El monóculo del marqués de Forestelle era minúsculo, no tenía reborde y obligaba al ojo en que iba incrustado a una crispación dolorosa y constante, como un cartílago superfluo de inexorable presencia y rebuscada materia, con la cual el rostro del marqués tomaba una expresión de melancólica delicadeza que hacía creer a las mujeres que el marqués era capaz de sufrir mucho por ellas.

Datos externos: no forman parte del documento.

(* Let $G$ be a connected simple graph with $n$ vertices and $n+1$ edges belonging to the class $\mathcal{A}(p,q,l)$ for some $p,q,l$. Then $\operatorname{avm}(G)\ge \operatorname{avm}(\theta_n^1(3,3))$, with equality if and only if $G\cong \theta_n^1(3,3)$.
   Context: For a finite simple graph $G$, $\operatorname{avm}(G)$ is the average of $|M|$ over all maximal matchings $M$ of $G$ (a matching is maximal if it is not properly contained in another matching). A connected graph with $n$ vertices and $n+1$ edges contains two induced cycles $C_p$ and $C_q$ (of lengths $p$ and $q$); it belongs to $\mathcal{A}(p,q,l)$ if these cycles have a common path of length $l\ge 1$ (so the union of the cycles is a theta graph). $\theta_n^1(3,3)$ is the graph obtained from two triangles sharing an edge $uv$ (vertices $u,v,x,y$, edges $uv,ux,uy,vx,vy$) by attaching $n-4$ pendant edges (new leaves) to $u$. *)

theory Defs
  imports Complex_Main
begin

definition simple_graph :: "'a set \<Rightarrow> 'a set set \<Rightarrow> bool" where
  "simple_graph V E \<longleftrightarrow> finite V \<and> (\<forall>e\<in>E. card e = 2 \<and> e \<subseteq> V)"

definition graph_connected :: "'a set \<Rightarrow> 'a set set \<Rightarrow> bool" where
  "graph_connected V E \<longleftrightarrow>
     (\<forall>u\<in>V. \<forall>v\<in>V. (u, v) \<in> {(x, y). {x, y} \<in> E}\<^sup>*)"

definition matching :: "'a set set \<Rightarrow> 'a set set \<Rightarrow> bool" where
  "matching E M \<longleftrightarrow> M \<subseteq> E \<and> (\<forall>e1\<in>M. \<forall>e2\<in>M. e1 \<noteq> e2 \<longrightarrow> e1 \<inter> e2 = {})"

definition maximal_matching :: "'a set set \<Rightarrow> 'a set set \<Rightarrow> bool" where
  "maximal_matching E M \<longleftrightarrow> matching E M \<and> (\<forall>M'. matching E M' \<and> M \<subseteq> M' \<longrightarrow> M' = M)"

definition avm :: "'a set set \<Rightarrow> real" where
  "avm E = (\<Sum>M\<in>{M. maximal_matching E M}. real (card M)) / real (card {M. maximal_matching E M})"

definition induced_edges :: "'a set set \<Rightarrow> 'a set \<Rightarrow> 'a set set" where
  "induced_edges E S = {e\<in>E. e \<subseteq> S}"

definition is_cycle :: "'a set \<Rightarrow> 'a set set \<Rightarrow> nat \<Rightarrow> bool" where
  "is_cycle S F k \<longleftrightarrow> k \<ge> 3 \<and> (\<exists>vs. distinct vs \<and> length vs = k \<and> set vs = S \<and>
      F = {{vs ! i, vs ! ((i + 1) mod k)} | i. i < k})"

definition is_path :: "'a set \<Rightarrow> 'a set set \<Rightarrow> nat \<Rightarrow> bool" where
  "is_path S F l \<longleftrightarrow> (\<exists>vs. distinct vs \<and> length vs = l + 1 \<and> set vs = S \<and>
      F = {{vs ! i, vs ! (i + 1)} | i. i < l})"

definition induced_cycle :: "'a set \<Rightarrow> 'a set set \<Rightarrow> 'a set \<Rightarrow> nat \<Rightarrow> bool" where
  "induced_cycle V E S k \<longleftrightarrow> S \<subseteq> V \<and> is_cycle S (induced_edges E S) k"

text \<open>Class A(p,q,l): two induced cycles C_p, C_q whose common part is a path of
  length l \<ge> 1 (the intersection of the edge sets of two induced cycles is the set of
  edges induced on the intersection of their vertex sets).\<close>
definition class_A :: "'a set \<Rightarrow> 'a set set \<Rightarrow> nat \<Rightarrow> nat \<Rightarrow> nat \<Rightarrow> bool" where
  "class_A V E p q l \<longleftrightarrow> l \<ge> 1 \<and> (\<exists>S1 S2. induced_cycle V E S1 p \<and> induced_cycle V E S2 q \<and>
      is_path (S1 \<inter> S2) (induced_edges E (S1 \<inter> S2)) l)"

text \<open>theta_n^1(3,3) on vertices {0..<n}: u=0, v=1, x=2, y=3, leaves 4..n-1 attached to u.\<close>
definition theta_V :: "nat \<Rightarrow> nat set" where
  "theta_V n = {0..<n}"

definition theta_E :: "nat \<Rightarrow> nat set set" where
  "theta_E n = {{0,1},{0,2},{0,3},{1,2},{1,3}} \<union> {{0, i} | i. 4 \<le> i \<and> i < n}"

definition graph_iso :: "'a set \<Rightarrow> 'a set set \<Rightarrow> 'b set \<Rightarrow> 'b set set \<Rightarrow> bool" where
  "graph_iso V E V' E' \<longleftrightarrow> (\<exists>f. bij_betw f V V' \<and> (\<forall>e. e \<subseteq> V \<longrightarrow> (e \<in> E \<longleftrightarrow> f ` e \<in> E')))"

end

theory Submission
  imports Defs
begin

text \<open>
  If no edge of \<open>G\<close> meets all the others, every maximal matching has at least two edges,
  so \<open>avm(G) \<ge> 2 > avm(\<theta>\<^sub>n\<^sup>1(3,3))\<close>. Otherwise some edge \<open>ab\<close> is dominating and \<open>G\<close> consists
  of \<open>ab\<close>, the edges from \<open>a\<close> to a set \<open>A\<close> and those from \<open>b\<close> to a set \<open>B\<close>; counting the
  \<open>n + 1\<close> edges and \<open>n\<close> vertices of the connected graph gives \<open>|A| + |B| = n\<close> and
  \<open>|A \<inter> B| = 2\<close>. The maximal matchings are \<open>{ab}\<close> and the pairs \<open>{ax, by}\<close> with \<open>x \<noteq> y\<close>,
  so \<open>avm(G) = 2 - 1/(|A||B| - 1)\<close>, and \<open>|A||B| - 1 = (2n - 5) + (|A| - 2)(|B| - 2)\<close> is
  minimal exactly when \<open>|A| = 2\<close> or \<open>|B| = 2\<close>, i.e. when \<open>G \<cong> \<theta>\<^sub>n\<^sup>1(3,3)\<close>.
\<close>

lemma matching_edges_eq:
  "matching E M \<Longrightarrow> e1 \<in> M \<Longrightarrow> e2 \<in> M \<Longrightarrow> e1 \<inter> e2 \<noteq> {} \<Longrightarrow> e1 = e2"
  unfolding matching_def by blast

lemma matching_singleton: "e \<in> E \<Longrightarrow> matching E {e}"
  unfolding matching_def by blast

lemma matching_doubleton: "e1 \<in> E \<Longrightarrow> e2 \<in> E \<Longrightarrow> e1 \<inter> e2 = {} \<Longrightarrow> matching E {e1, e2}"
  unfolding matching_def by blast

lemma matching_insert:
  assumes "matching E M" "e \<in> E" "\<forall>e'\<in>M. e \<inter> e' = {}"
  shows "matching E (insert e M)"
  unfolding matching_def
proof (intro conjI ballI impI)
  show "insert e M \<subseteq> E" using assms(1,2) unfolding matching_def by blast
next
  fix e1 e2 assume "e1 \<in> insert e M" "e2 \<in> insert e M" "e1 \<noteq> e2"
  then consider "e1 = e" "e2 \<in> M" | "e2 = e" "e1 \<in> M" | "e1 \<in> M" "e2 \<in> M" by blast
  then show "e1 \<inter> e2 = {}"
  proof cases
    case 3
    then show ?thesis using assms(1) \<open>e1 \<noteq> e2\<close> unfolding matching_def by blast
  qed (use assms(3) in \<open>auto simp: Int_commute\<close>)
qed

lemma maximal_matching_iff:
  assumes "{} \<notin> E"
  shows "maximal_matching E M \<longleftrightarrow> matching E M \<and> (\<forall>e\<in>E. \<exists>e'\<in>M. e \<inter> e' \<noteq> {})"
proof
  assume max: "maximal_matching E M"
  then have mM: "matching E M" unfolding maximal_matching_def by blast
  have "\<exists>e'\<in>M. e \<inter> e' \<noteq> {}" if e: "e \<in> E" for e
  proof (rule ccontr)
    assume "\<not> (\<exists>e'\<in>M. e \<inter> e' \<noteq> {})"
    then have free: "\<forall>e'\<in>M. e \<inter> e' = {}" by blast
    have "insert e M = M"
      using max matching_insert[OF mM e free] unfolding maximal_matching_def by blast
    then have "e \<in> M" by blast
    moreover have "e \<inter> e \<noteq> {}" using e assms by auto
    ultimately show False using free by blast
  qed
  with mM show "matching E M \<and> (\<forall>e\<in>E. \<exists>e'\<in>M. e \<inter> e' \<noteq> {})" by blast
next
  assume "matching E M \<and> (\<forall>e\<in>E. \<exists>e'\<in>M. e \<inter> e' \<noteq> {})"
  then have mM: "matching E M" and cover: "\<forall>e\<in>E. \<exists>e'\<in>M. e \<inter> e' \<noteq> {}" by blast+
  have "M' \<subseteq> M" if M': "matching E M'" and "M \<subseteq> M'" for M'
  proof
    fix e assume e: "e \<in> M'"
    then have "e \<in> E" using M' unfolding matching_def by blast
    then obtain e' where "e' \<in> M" "e \<inter> e' \<noteq> {}" using cover by blast
    then have "e = e'" using matching_edges_eq[OF M' e] \<open>M \<subseteq> M'\<close> by blast
    then show "e \<in> M" using \<open>e' \<in> M\<close> by simp
  qed
  then show "maximal_matching E M" using mM unfolding maximal_matching_def by blast
qed

lemma maximal_matching_exists:
  assumes "finite E"
  obtains M where "maximal_matching E M"
proof -
  have "finite {M. matching E M}"
    by (rule finite_subset[of _ "Pow E"]) (use assms in \<open>auto simp: matching_def\<close>)
  moreover have "{} \<in> {M. matching E M}" unfolding matching_def by blast
  ultimately obtain M where "M \<in> {M. matching E M}" "\<forall>M'\<in>{M. matching E M}. M \<subseteq> M' \<longrightarrow> M = M'"
    using finite_has_maximal by blast
  then show ?thesis using that unfolding maximal_matching_def by blast
qed

lemma avm_lower_bound:
  assumes "finite E" and "\<And>M. maximal_matching E M \<Longrightarrow> c \<le> real (card M)"
  shows "c \<le> avm E"
proof -
  let ?S = "{M. maximal_matching E M}"
  have "finite ?S"
    by (rule finite_subset[of _ "Pow E"])
      (use assms(1) in \<open>auto simp: maximal_matching_def matching_def\<close>)
  moreover have "?S \<noteq> {}" using maximal_matching_exists[OF assms(1)] by blast
  ultimately have pos: "0 < real (card ?S)" by (simp add: card_gt_0_iff)
  have "(\<Sum>M\<in>?S. c) \<le> (\<Sum>M\<in>?S. real (card M))"
    by (rule sum_mono) (simp add: assms(2))
  then have "c * real (card ?S) \<le> (\<Sum>M\<in>?S. real (card M))"
    by (simp add: mult.commute)
  then show ?thesis unfolding avm_def by (simp only: pos_le_divide_eq[OF pos])
qed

Pero el del señor de Saint-Candé, ceñido, como Saturno, por un enorme anillo, era el centro de gravedad de un rostro que se gobernaba por la pauta del monóculo y la nariz roja y temblona, y los labios abultados y sarcásticos aspiraban con sus gestos a ponerse a la altura del brillante fuego graneado que lanzaba el disco de cristal, fuego preferido a las miradas más bonitas del mundo, por jovencitas
snobs
y depravadas, en las que despertaba ideas de artificiales delicias y de refinamientos de voluptuosidad; entre tanto, detrás de su monóculo correspondiente, el señor de Palancy, que paseaba lentamente por todas la fiestas su cabezota de carpa, con ojos redondos, y que, de cuando en cuando, alargaba las mandíbulas como para buscar su orientación, parecía que llevaba consigo tan sólo un fragmento accidental y acaso puramente simbólico del cristal de su pecera, fragmento destinado a representar el todo, y que recordé a Swann gran admirador de los Vicios y Virtudes, del Giotto en Padua, aquella Injusticia junto a la cual se ve un ramo frondoso que evoca las selvas donde tiene su guarida.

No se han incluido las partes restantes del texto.